*PROBLEM TO SOLVE*
Output the records that follow, with every character intact.

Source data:
········

lemma image_IGs:
  assumes A: "A \<in> carrier_mat n n" and B: "B \<in> carrier_mat n p" and F: "F \<in> carrier_mat p n"
    and C: "C \<in> carrier_mat m n" and D: "D \<in> carrier_mat m p" and ctrb: "controllable n p A B"
  shows "{IGs s n m p A B C D F *\<^sub>v v | v. v \<in> carrier_vec ((s + n) * p)}
       = {io_stack s m p A B C D x0 u | x0 u. x0 \<in> carrier_vec n \<and> (\<forall>l < s. u l \<in> carrier_vec p)}"
proof (intro equalityI subsetI)
  fix y assume "y \<in> {IGs s n m p A B C D F *\<^sub>v v | v. v \<in> carrier_vec ((s + n) * p)}"
  then obtain v where v: "v \<in> carrier_vec ((s + n) * p)" and y: "y = IGs s n m p A B C D F *\<^sub>v v"
    by blast
  define x where "x = state (A + B * F) B (0\<^sub>v n) (vec_block p v)"
  have x_carrier: "x j \<in> carrier_vec n" for j
    unfolding x_def using A B F by (intro state_carrier[of _ n _ p]) auto
  have "y = io_stack s m p A B C D (x n) (\<lambda>l. F *\<^sub>v x (n + l) + vec_block p v (n + l))"
    unfolding y x_def by (rule IGs_mult_vec[OF A B F C D v])
  moreover have "F *\<^sub>v x (n + l) + vec_block p v (n + l) \<in> carrier_vec p" for l
    using F x_carrier by simp
  ultimately show "y \<in> {io_stack s m p A B C D x0 u | x0 u. x0 \<in> carrier_vec n \<and> (\<forall>l < s. u l \<in> carrier_vec p)}"
    using x_carrier by blast
next
  fix y assume "y \<in> {io_stack s m p A B C D x0 u | x0 u. x0 \<in> carrier_vec n \<and> (\<forall>l < s. u l \<in> carrier_vec p)}"
  then obtain x0 u where "x0 \<in> carrier_vec n" "\<And>l. l < s \<Longrightarrow> u l \<in> carrier_vec p"
    and y: "y = io_stack s m p A B C D x0 u"
    by blast
  then obtain v where "v \<in> carrier_vec ((s + n) * p)" "IGs s n m p A B C D F *\<^sub>v v = y"
    using io_stack_in_image_IGs[OF A B F C D ctrb] by blast
  then show "y \<in> {IGs s n m p A B C D F *\<^sub>v v | v. v \<in> carrier_vec ((s + n) * p)}"
    by blast
qed

lemma stack_eq_stack_blocks: "stack s q \<phi> k = stack_blocks s q (\<lambda>l. \<phi> (k + 1 + int l))"
  unfolding stack_def stack_blocks_def ..

lemma stack_trajectory_eq_io_stack:
  assumes state_eq: "\<And>j. k + 1 \<le> j \<Longrightarrow> j < k + int s \<Longrightarrow> x (j + 1) = A *\<^sub>v x j + B *\<^sub>v u j"
    and out_eq: "\<And>j. k + 1 \<le> j \<Longrightarrow> j \<le> k + int s \<Longrightarrow> y j = C *\<^sub>v x j + D *\<^sub>v u j"
  shows "stack s p u k @\<^sub>v stack s m y k
       = io_stack s m p A B C D (x (k + 1)) (\<lambda>l. u (k + 1 + int l))"
proof -
  have x: "x (k + 1 + int l) = state A B (x (k + 1)) (\<lambda>l. u (k + 1 + int l)) l" if "l < s" for l
    using that
  proof (induction l)
    case (Suc l)
    have "x (k + 1 + int (Suc l)) = x (k + 1 + int l + 1)"
      by (simp add: algebra_simps)
    also have "\<dots> = A *\<^sub>v x (k + 1 + int l) + B *\<^sub>v u (k + 1 + int l)"
      using Suc.prems by (intro state_eq) auto
    finally show ?case
      using Suc by simp
  qed simp
  have "y (k + 1 + int l) = C *\<^sub>v state A B (x (k + 1)) (\<lambda>l. u (k + 1 + int l)) l + D *\<^sub>v u (k + 1 + int l)"
    if "l < s" for l
    using that x[OF that] out_eq[of "k + 1 + int l"] by simp
  then show ?thesis
    unfolding io_stack_def stack_eq_stack_blocks by (simp cong: stack_blocks_cong)
qed

section \<open>Rank\<close>

definition ext_obsv_mat :: "nat \<Rightarrow> nat \<Rightarrow> nat \<Rightarrow> 'a::semiring_1 mat \<Rightarrow> 'a mat \<Rightarrow> 'a mat" where
  "ext_obsv_mat s n m A C = mat (s * m) n (\<lambda>(i, j). (C * A ^\<^sub>m (i div m)) $$ (i mod m, j))"

lemma ext_obsv_mat_carrier: "ext_obsv_mat s n m A C \<in> carrier_mat (s * m) n"
  unfolding ext_obsv_mat_def by simp

lemma obsv_mat_eq_ext_obsv_mat: "obsv_mat n m A C = ext_obsv_mat n n m A C"
  unfolding obsv_mat_def ext_obsv_mat_def ..

lemma ext_obsv_mat_mult_vec:
  fixes A C :: "'a::comm_semiring_1 mat"
  assumes A: "A \<in> carrier_mat n n" and C: "C \<in> carrier_mat m n" and d: "d \<in> carrier_vec n"
  shows "ext_obsv_mat s n m A C *\<^sub>v d = stack_blocks s m (\<lambda>l. C *\<^sub>v (A ^\<^sub>m l *\<^sub>v d))"
proof (rule stack_blocks_eqI)
  fix l i assume l: "l < s" and i: "i < m"
  have "C * A ^\<^sub>m l \<in> carrier_mat m n"
    using A C by simp
  then have "dim_row (C * A ^\<^sub>m l) = m" "dim_col (C * A ^\<^sub>m l) = n"
    by auto
  then have "(ext_obsv_mat s n m A C *\<^sub>v d) $ (l * m + i) = ((C * A ^\<^sub>m l) *\<^sub>v d) $ i"
    using block_index_less[OF l i] i d by (simp add: ext_obsv_mat_def scalar_prod_def)
  also have "(C * A ^\<^sub>m l) *\<^sub>v d = C *\<^sub>v (A ^\<^sub>m l *\<^sub>v d)"
    using A C d by (simp add: assoc_mult_mat_vec[of _ m n _ n])
  finally show "(ext_obsv_mat s n m A C *\<^sub>v d) $ (l * m + i) = (C *\<^sub>v (A ^\<^sub>m l *\<^sub>v d)) $ i" .
qed (rule mult_mat_vec_carrier[OF ext_obsv_mat_carrier d])

lemma ext_obsv_mat_mult_vec_eq_zero_mono:
  assumes k: "k \<le> s" and d: "d \<in> carrier_vec n"
    and zero: "ext_obsv_mat s n m A C *\<^sub>v d = 0\<^sub>v (s * m)"
  shows "ext_obsv_mat k n m A C *\<^sub>v d = 0\<^sub>v (k * m)"
proof (rule eq_vecI)
  fix i assume "i < dim_vec (0\<^sub>v (k * m) :: 'a vec)"
  then have i: "i < k * m" "i < s * m"
    using k by (auto intro: less_le_trans mult_le_mono1)
  then have "(ext_obsv_mat k n m A C *\<^sub>v d) $ i = (ext_obsv_mat s n m A C *\<^sub>v d) $ i"
    by (simp add: ext_obsv_mat_def)
  then show "(ext_obsv_mat k n m A C *\<^sub>v d) $ i = 0\<^sub>v (k * m) $ i"
    using zero i by simp
qed (simp add: ext_obsv_mat_def)

text \<open>With offset 0 and gain 0, \<open>Ns\<close> is the block Toeplitz matrix of the Markov parameters
  D, CB, CAB, ... of the open-loop system.\<close>

definition io_mat :: "nat \<Rightarrow> nat \<Rightarrow> nat \<Rightarrow> nat \<Rightarrow> real mat \<Rightarrow> real mat \<Rightarrow> real mat \<Rightarrow> real mat \<Rightarrow> real mat" where
  "io_mat s n m p A B C D =
     four_block_mat (1\<^sub>m (s * p)) (0\<^sub>m (s * p) n) (Ns s 0 m p A B C D (0\<^sub>m p n)) (ext_obsv_mat s n m A C)"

········

*RESULT FOR THIS EXERCISE*
lemma image_IGs:
  assumes A: "A \<in> carrier_mat n n" and B: "B \<in> carrier_mat n p" and F: "F \<in> carrier_mat p n"
    and C: "C \<in> carrier_mat m n" and D: "D \<in> carrier_mat m p" and ctrb: "controllable n p A B"
  shows "{IGs s n m p A B C D F *\<^sub>v v | v. v \<in> carrier_vec ((s + n) * p)}
       = {io_stack s m p A B C D x0 u | x0 u. x0 \<in> carrier_vec n \<and> (\<forall>l < s. u l \<in> carrier_vec p)}"
proof (intro equalityI subsetI)
  fix y assume "y \<in> {IGs s n m p A B C D F *\<^sub>v v | v. v \<in> carrier_vec ((s + n) * p)}"
  then obtain v where v: "v \<in> carrier_vec ((s + n) * p)" and y: "y = IGs s n m p A B C D F *\<^sub>v v"
    by blast
  define x where "x = state (A + B * F) B (0\<^sub>v n) (vec_block p v)"
  have x_carrier: "x j \<in> carrier_vec n" for j
    unfolding x_def using A B F by (intro state_carrier[of _ n _ p]) auto
  have "y = io_stack s m p A B C D (x n) (\<lambda>l. F *\<^sub>v x (n + l) + vec_block p v (n + l))"
    unfolding y x_def by (rule IGs_mult_vec[OF A B F C D v])
  moreover have "F *\<^sub>v x (n + l) + vec_block p v (n + l) \<in> carrier_vec p" for l
    using F x_carrier by simp
  ultimately show "y \<in> {io_stack s m p A B C D x0 u | x0 u. x0 \<in> carrier_vec n \<and> (\<forall>l < s. u l \<in> carrier_vec p)}"
    using x_carrier by blast
next
  fix y assume "y \<in> {io_stack s m p A B C D x0 u | x0 u. x0 \<in> carrier_vec n \<and> (\<forall>l < s. u l \<in> carrier_vec p)}"
  then obtain x0 u where "x0 \<in> carrier_vec n" "\<And>l. l < s \<Longrightarrow> u l \<in> carrier_vec p"
    and y: "y = io_stack s m p A B C D x0 u"
    by blast
  then obtain v where "v \<in> carrier_vec ((s + n) * p)" "IGs s n m p A B C D F *\<^sub>v v = y"
    using io_stack_in_image_IGs[OF A B F C D ctrb] by blast
  then show "y \<in> {IGs s n m p A B C D F *\<^sub>v v | v. v \<in> carrier_vec ((s + n) * p)}"
    by blast
qed

lemma stack_eq_stack_blocks: "stack s q \<phi> k = stack_blocks s q (\<lambda>l. \<phi> (k + 1 + int l))"
  unfolding stack_def stack_blocks_def ..

lemma stack_trajectory_eq_io_stack:
  assumes state_eq: "\<And>j. k + 1 \<le> j \<Longrightarrow> j < k + int s \<Longrightarrow> x (j + 1) = A *\<^sub>v x j + B *\<^sub>v u j"
    and out_eq: "\<And>j. k + 1 \<le> j \<Longrightarrow> j \<le> k + int s \<Longrightarrow> y j = C *\<^sub>v x j + D *\<^sub>v u j"
  shows "stack s p u k @\<^sub>v stack s m y k
       = io_stack s m p A B C D (x (k + 1)) (\<lambda>l. u (k + 1 + int l))"
proof -
  have x: "x (k + 1 + int l) = state A B (x (k + 1)) (\<lambda>l. u (k + 1 + int l)) l" if "l < s" for l
    using that
  proof (induction l)
    case (Suc l)
    have "x (k + 1 + int (Suc l)) = x (k + 1 + int l + 1)"
      by (simp add: algebra_simps)
    also have "\<dots> = A *\<^sub>v x (k + 1 + int l) + B *\<^sub>v u (k + 1 + int l)"
      using Suc.prems by (intro state_eq) auto
    finally show ?case
      using Suc by simp
  qed simp
  have "y (k + 1 + int l) = C *\<^sub>v state A B (x (k + 1)) (\<lambda>l. u (k + 1 + int l)) l + D *\<^sub>v u (k + 1 + int l)"
    if "l < s" for l
    using that x[OF that] out_eq[of "k + 1 + int l"] by simp
  then show ?thesis
    unfolding io_stack_def stack_eq_stack_blocks by (simp cong: stack_blocks_cong)
qed

section \<open>Rank\<close>

definition ext_obsv_mat :: "nat \<Rightarrow> nat \<Rightarrow> nat \<Rightarrow> 'a::semiring_1 mat \<Rightarrow> 'a mat \<Rightarrow> 'a mat" where
  "ext_obsv_mat s n m A C = mat (s * m) n (\<lambda>(i, j). (C * A ^\<^sub>m (i div m)) $$ (i mod m, j))"

lemma ext_obsv_mat_carrier: "ext_obsv_mat s n m A C \<in> carrier_mat (s * m) n"
  unfolding ext_obsv_mat_def by simp

lemma obsv_mat_eq_ext_obsv_mat: "obsv_mat n m A C = ext_obsv_mat n n m A C"
  unfolding obsv_mat_def ext_obsv_mat_def ..

lemma ext_obsv_mat_mult_vec:
  fixes A C :: "'a::comm_semiring_1 mat"
  assumes A: "A \<in> carrier_mat n n" and C: "C \<in> carrier_mat m n" and d: "d \<in> carrier_vec n"
  shows "ext_obsv_mat s n m A C *\<^sub>v d = stack_blocks s m (\<lambda>l. C *\<^sub>v (A ^\<^sub>m l *\<^sub>v d))"
proof (rule stack_blocks_eqI)
  fix l i assume l: "l < s" and i: "i < m"
  have "C * A ^\<^sub>m l \<in> carrier_mat m n"
    using A C by simp
  then have "dim_row (C * A ^\<^sub>m l) = m" "dim_col (C * A ^\<^sub>m l) = n"
    by auto
  then have "(ext_obsv_mat s n m A C *\<^sub>v d) $ (l * m + i) = ((C * A ^\<^sub>m l) *\<^sub>v d) $ i"
    using block_index_less[OF l i] i d by (simp add: ext_obsv_mat_def scalar_prod_def)
  also have "(C * A ^\<^sub>m l) *\<^sub>v d = C *\<^sub>v (A ^\<^sub>m l *\<^sub>v d)"
    using A C d by (simp add: assoc_mult_mat_vec[of _ m n _ n])
  finally show "(ext_obsv_mat s n m A C *\<^sub>v d) $ (l * m + i) = (C *\<^sub>v (A ^\<^sub>m l *\<^sub>v d)) $ i" .
qed (rule mult_mat_vec_carrier[OF ext_obsv_mat_carrier d])

lemma ext_obsv_mat_mult_vec_eq_zero_mono:
  assumes k: "k \<le> s" and d: "d \<in> carrier_vec n"
    and zero: "ext_obsv_mat s n m A C *\<^sub>v d = 0\<^sub>v (s * m)"
  shows "ext_obsv_mat k n m A C *\<^sub>v d = 0\<^sub>v (k * m)"
proof (rule eq_vecI)
  fix i assume "i < dim_vec (0\<^sub>v (k * m) :: 'a vec)"
  then have i: "i < k * m" "i < s * m"
    using k by (auto intro: less_le_trans mult_le_mono1)
  then have "(ext_obsv_mat k n m A C *\<^sub>v d) $ i = (ext_obsv_mat s n m A C *\<^sub>v d) $ i"
    by (simp add: ext_obsv_mat_def)
  then show "(ext_obsv_mat k n m A C *\<^sub>v d) $ i = 0\<^sub>v (k * m) $ i"
    using zero i by simp
qed (simp add: ext_obsv_mat_def)

text \<open>With offset 0 and gain 0, \<open>Ns\<close> is the block Toeplitz matrix of the Markov parameters
  D, CB, CAB, ... of the open-loop system.\<close>

definition io_mat :: "nat \<Rightarrow> nat \<Rightarrow> nat \<Rightarrow> nat \<Rightarrow> real mat \<Rightarrow> real mat \<Rightarrow> real mat \<Rightarrow> real mat \<Rightarrow> real mat" where
  "io_mat s n m p A B C D =
     four_block_mat (1\<^sub>m (s * p)) (0\<^sub>m (s * p) n) (Ns s 0 m p A B C D (0\<^sub>m p n)) (ext_obsv_mat s n m A C)"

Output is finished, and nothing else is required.